Judith has spent most of her life in the Boston area but made her way up to midcoast Maine four years ago. She now resides in Rockland. She has a bachelor’s degree in Arts and Crafts and their History from the University of California at Santa Cruz and has studied at Massachusetts College of Art, The Boston Visual School in Viterbo, Italy, The New England School of Photography and The School of the Museum of Fine Arts, Boston. Judith is a recipient of grants from the Somerville Arts Council, administered through the Massachusetts Cultural Council and The Council for the Arts, Massachusetts Institute of Technology. She is a member of the Surface Design Association and the Northeast Feltmakers Guild.
Artist Statement:
Line from Start to Finish
The wall pieces created for this exhibit all started with music and line. I researched songs that had the word “line” in the title and drew freely on either paper or silk to the rhythm of each song that I chose. At a certain point the lines transformed into shapes. The shapes were then layered and filled in with either cut paper, in the case of the Joomchi pieces, or textile paint and wool in the case of the felted pieces. Once the Joomchi and felt processes were done I went back into the work with line; with paint and thread on the Joomchi pieces and free motion embroidery with rayon thread on the felt pieces. I worked very intuitively on these pieces and think of each one as a kind of improvisational dance.

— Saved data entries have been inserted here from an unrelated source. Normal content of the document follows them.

(* Let $Y$ be a closed infinite-dimensional subspace of $\mathfrak X_0$ such that the operator $id|_Y:(Y,\|\cdot\|_{W_0})\to\mathfrak X_{G_0}$ is not compact. Then $(Y,\|\cdot\|_{W_0})$ is not isomorphic to a subspace of $c_0$.
   Context: All spaces are real. Let $c_{00}(\mathbb N)$ be the space of finitely supported real sequences, $(e_n)$ its unit vector basis and $e_n^*$ the coordinate functionals (elements of $c_{00}(\mathbb N)$ act on each other via the usual inner product). For $x\in c_{00}(\mathbb N)$, $\operatorname{supp}x=\{n:x(n)\ne0\}$ and $\operatorname{ran}x$ is the smallest interval of $\mathbb N$ containing $\operatorname{supp}x$; for nonzero $x,y$ write $x<y$ if $\max\operatorname{ran}x<\min\operatorname{ran}y$. For an interval $E\subset\mathbb N$, $Ef=f\cdot\chi_E$. Put $m_1=2^8$, $m_{j+1}=m_j^5$, $n_1=2^7$, $n_{j+1}=(2n_j)^{s_{j+1}}$ with $s_{j+1}=\log_2(m_{j+1}^4)$. $G_0$ is the smallest subset of $c_{00}(\mathbb N)$ such that: (1) it contains all $e_n^*$; (2) it is symmetric; (3) for every $j\in\mathbb N$, every $d\le n_{2j}$ and every $f_1<\dots<f_d$ in $G_0$, it contains $\frac1{m_{2j}}\sum_{i=1}^d f_i$; (4) it contains $\sum_{i=1}^d a_if_i$ whenever $d\in\mathbb N$, $a_i\in\mathbb Q$, $\sum a_i^2\le1$, and $f_i\in G_0$ have pairwise different weights. An $f\in G_0$ has weight $w(f)=m_{2j}$ (and is called a functional with weight) if $f=\frac1{m_{2j}}\sum_{i=1}^d f_i$ for some $d\le n_{2j}$ and $f_1<\dots<f_d$ in $G_0$. Fix disjoint infinite sets $\Omega_1,\Omega_2\subset\mathbb N$, let $Q_s$ be the (countable) set of finite sequences $(f_1,\dots,f_d)$ of nonzero elements of $G_0$ with $f_1<\dots<f_d$, and fix an injection $\sigma:Q_s\to\{2j:j\in\Omega_2\}$ with $m_{\sigma(f_1,\dots,f_d)}>\max\{1/|f_i(e_l)|:i\le d,\ l\in\operatorname{supp}f_i\}\cdot\max\operatorname{supp}f_d$. A $\sigma$-$n_{2j+1}$ special sequence is an element $(f_1,\dots,f_{n_{2j+1}})$ of $Q_s$ such that each $f_i$ is a functional with weight, $w(f_1)=m_{2j_1}$ with $j_1\in\Omega_1$ and $n_{2j+1}^2<m_{2j_1}$, and $w(f_{i+1})=m_{\sigma(f_1,\dots,f_i)}$ for $1\le i<n_{2j+1}$. $W_0=G_0\cup\{\varepsilon E(\frac1{m_{2j+1}}\sum_{i=1}^{n_{2j+1}}f_i):|\varepsilon|=1,\ E\text{ a finite interval of }\mathbb N,\ (f_i)\text{ a }\sigma\text{-}n_{2j+1}\text{ special sequence}\}$. For $x\in c_{00}(\mathbb N)$ let $\|x\|_{G_0}=\sup_{f\in G_0}|f(x)|$ and $\|x\|_{W_0}=\sup_{f\in W_0}|f(x)|$; $\mathfrak{X}_{G_0}$ and $\mathfrak{X}_0$ are the completions of $c_{00}(\mathbb N)$ under these norms. Since $G_0\subset W_0$ the formal identity $id:\mathfrak X_0\to\mathfrak X_{G_0}$ is bounded; $id|_Y$ is its restriction. *)

theory Defs
  imports "HOL-Analysis.Analysis"
begin
(* Let $p\in\{3,4,\dots\}$, $a\ge0$, $b>0$ satisfy either ($a>0$ and $b\in[p/2-1,p/2]$) or ($a=0$ and $b\in[p/2-1,p/2)$). For $y>0$ let $N\sim\mathrm{Poisson}(y/2)$. For each $k\in\{1,2,3\}$ there exist a bounded function $\psi_k$ on $(0,\infty)$ and a constant $d_k\in(0,\infty)$ such that $|\psi_k(y)|\le d_k/y$ for all $y>0$ and $$\frac{E[w_k(N)\mid y]}{E[w_{k-1}(N)\mid y]}=\frac p2+2(k-b-1)+\frac y2+\psi_k(y)\quad\text{for all }y>0.$$
   Context: $\mathbb{Z}^+=\{0,1,2,\dots\}$; $g_0(z)=(a+z)^{-b}$; for $n\in\mathbb{Z}^+$ and $k\in\{0,1,2,3\}$, $w_k(n)=\int_0^\infty\frac{g_0(z)(z/2)^{n+p/2+k-1}e^{-z/2}}{2\Gamma(n+p/2)}dz$. $E[\cdot\mid y]$ denotes expectation with $N\sim\mathrm{Poisson}(y/2)$. *)

theory Defs
  imports "HOL-Analysis.Analysis" "HOL-Probability.Probability"
begin

definition g0 :: "real \<Rightarrow> real \<Rightarrow> real \<Rightarrow> real" where
  "g0 a b z = (a + z) powr (- b)"

definition wk :: "real \<Rightarrow> real \<Rightarrow> nat \<Rightarrow> nat \<Rightarrow> nat \<Rightarrow> real" where
  "wk a b p k n = (LBINT z:{0<..}.
      g0 a b z * (z / 2) powr (real n + real p / 2 + real k - 1) * exp (- z / 2)
      / (2 * Gamma (real n + real p / 2)))"

definition Ew :: "real \<Rightarrow> real \<Rightarrow> nat \<Rightarrow> nat \<Rightarrow> real \<Rightarrow> real" where
  "Ew a b p k y = measure_pmf.expectation (poisson_pmf (y / 2)) (\<lambda>n. wk a b p k n)"

end

theory Submission
  imports Defs "HOL-Real_Asymp.Real_Asymp"
begin

text \<open>
  Write \<open>c = p/2\<close>. Integrating \<open>g\<^sub>0\<close> by parts against the Gamma density gives
  \<open>(n + c) w\<^sub>0(n + 1) = (n + c - b) w\<^sub>0(n) + O(w\<^sub>0(n) / n)\<close>, and since
  \<open>w\<^sub>k(n) = (n + c) w\<^sub>k\<^sub>-\<^sub>1(n + 1)\<close> every \<open>V = w\<^sub>j\<close> satisfies
  \<open>V(n + 1) / V(n) = 1 + s / (n + c) + O(n\<^sup>-\<^sup>2)\<close> with \<open>s = j - b\<close>.
  Two consecutive steps of this expansion give
  \<open>(n + c) V(n + 1) - n V(n - 1) = (c + 2s) V(n) + O(V(n) / (n + 1))\<close>.
  For \<open>N \<sim> Poisson(l)\<close> one has \<open>E[N f(N - 1)] = l E[f(N)]\<close>, so taking expectations turns
  \<open>E[w\<^sub>k(N)] = E[(N + c) V(N + 1)]\<close> with \<open>V = w\<^sub>k\<^sub>-\<^sub>1\<close> into
  \<open>(l + c + 2s) E[V(N)]\<close> up to \<open>O(E[V(N) / (N + 1)])\<close>; the last expectation is at most
  \<open>E[V(N)]\<close> and, because \<open>V(n) \<le> L V(n + 1)\<close>, also at most \<open>(L / l) E[V(N)]\<close>.
\<close>

section \<open>Poisson averages\<close>

lemma pmf_poisson_Suc:
  assumes "l > 0"
  shows "pmf (poisson_pmf l) (Suc n) * (real n + 1) = l * pmf (poisson_pmf l) n"
  using assms by (simp add: divide_simps)

lemma expectation_eq_suminf_nat:
  fixes P :: "nat pmf" and f :: "nat \<Rightarrow> real"
  assumes "\<And>n. f n \<ge> 0" and "summable (\<lambda>n. pmf P n * f n)"
  shows "measure_pmf.expectation P f = (\<Sum>n. pmf P n * f n)"
proof -
  have "measure_pmf.expectation P f = integral\<^sup>L (count_space UNIV) (\<lambda>n. pmf P n * f n)"
    unfolding measure_pmf_eq_density by (subst integral_density) (auto simp: pmf_nonneg)
  also have "\<dots> = (\<Sum>n. pmf P n * f n)"
    using assms by (intro integral_count_space_nat) (simp add: integrable_count_space_nat_iff pmf_nonneg)
  finally show ?thesis .
qed

lemma summable_poisson_mult:
  fixes V :: "nat \<Rightarrow> real"
  assumes l: "l > 0" and V: "\<And>n. V n \<ge> 0" and ratio: "\<And>n. V (Suc n) \<le> R * V n"
  shows "summable (\<lambda>n. pmf (poisson_pmf l) n * V n)"
proof (rule summable_comparison_test')
  have geometric: "V n \<le> V 0 * \<bar>R\<bar> ^ n" for n
  proof (induction n)
    case (Suc n)
    have "V (Suc n) \<le> \<bar>R\<bar> * V n"
      using order_trans[OF ratio[of n] mult_right_mono[OF abs_ge_self V[of n]]] .
    also have "\<dots> \<le> \<bar>R\<bar> * (V 0 * \<bar>R\<bar> ^ n)"
      using Suc by (intro mult_left_mono) auto
    finally show ?case by (simp add: mult_ac)
  qed simp
  show "summable (\<lambda>n. V 0 * exp (- l) * (inverse (fact n) * (l * \<bar>R\<bar>) ^ n))"
    by (intro summable_mult summable_exp)
  fix n :: nat
  have "norm (pmf (poisson_pmf l) n * V n) = pmf (poisson_pmf l) n * V n"
    using V[of n] by simp
  also have "\<dots> \<le> pmf (poisson_pmf l) n * (V 0 * \<bar>R\<bar> ^ n)"
    using geometric[of n] by (intro mult_left_mono) auto
  also have "\<dots> = V 0 * exp (- l) * (inverse (fact n) * (l * \<bar>R\<bar>) ^ n)"
    using l by (simp add: power_mult_distrib field_simps)
  finally show "norm (pmf (poisson_pmf l) n * V n)
                  \<le> V 0 * exp (- l) * (inverse (fact n) * (l * \<bar>R\<bar>) ^ n)" .
qed

lemma poisson_sums_mult_pred:
  fixes f :: "nat \<Rightarrow> real"
  assumes l: "l > 0" and F: "(\<lambda>n. pmf (poisson_pmf l) n * f n) sums F"
  shows "(\<lambda>n. pmf (poisson_pmf l) n * (real n * f (n - 1))) sums (l * F)"
proof -
  have "(\<lambda>n. pmf (poisson_pmf l) (Suc n) * (real (Suc n) * f (Suc n - 1)))
      = (\<lambda>n. l * (pmf (poisson_pmf l) n * f n))"
    using pmf_poisson_Suc[OF l] by (simp add: mult.assoc[symmetric] add.commute)
  then have "(\<lambda>n. pmf (poisson_pmf l) (Suc n) * (real (Suc n) * f (Suc n - 1))) sums (l * F)"
    using sums_mult[OF F] by simp
  then show ?thesis by (subst (asm) sums_Suc_iff) simp
qed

With my 3-D work I’m thinking of line in a different manner. First of all I’m thinking of the lines of the form. I strive to create shapes that have some organic life and spirit to them. The surface design lines are used to direct the eye and add interest to the piece. I love using color, pattern and decoration when making my vessels. These elements have been used by humans making vessels for thousands of years. There is something essential about the need to make something beautiful and to make something that has one’s own signature.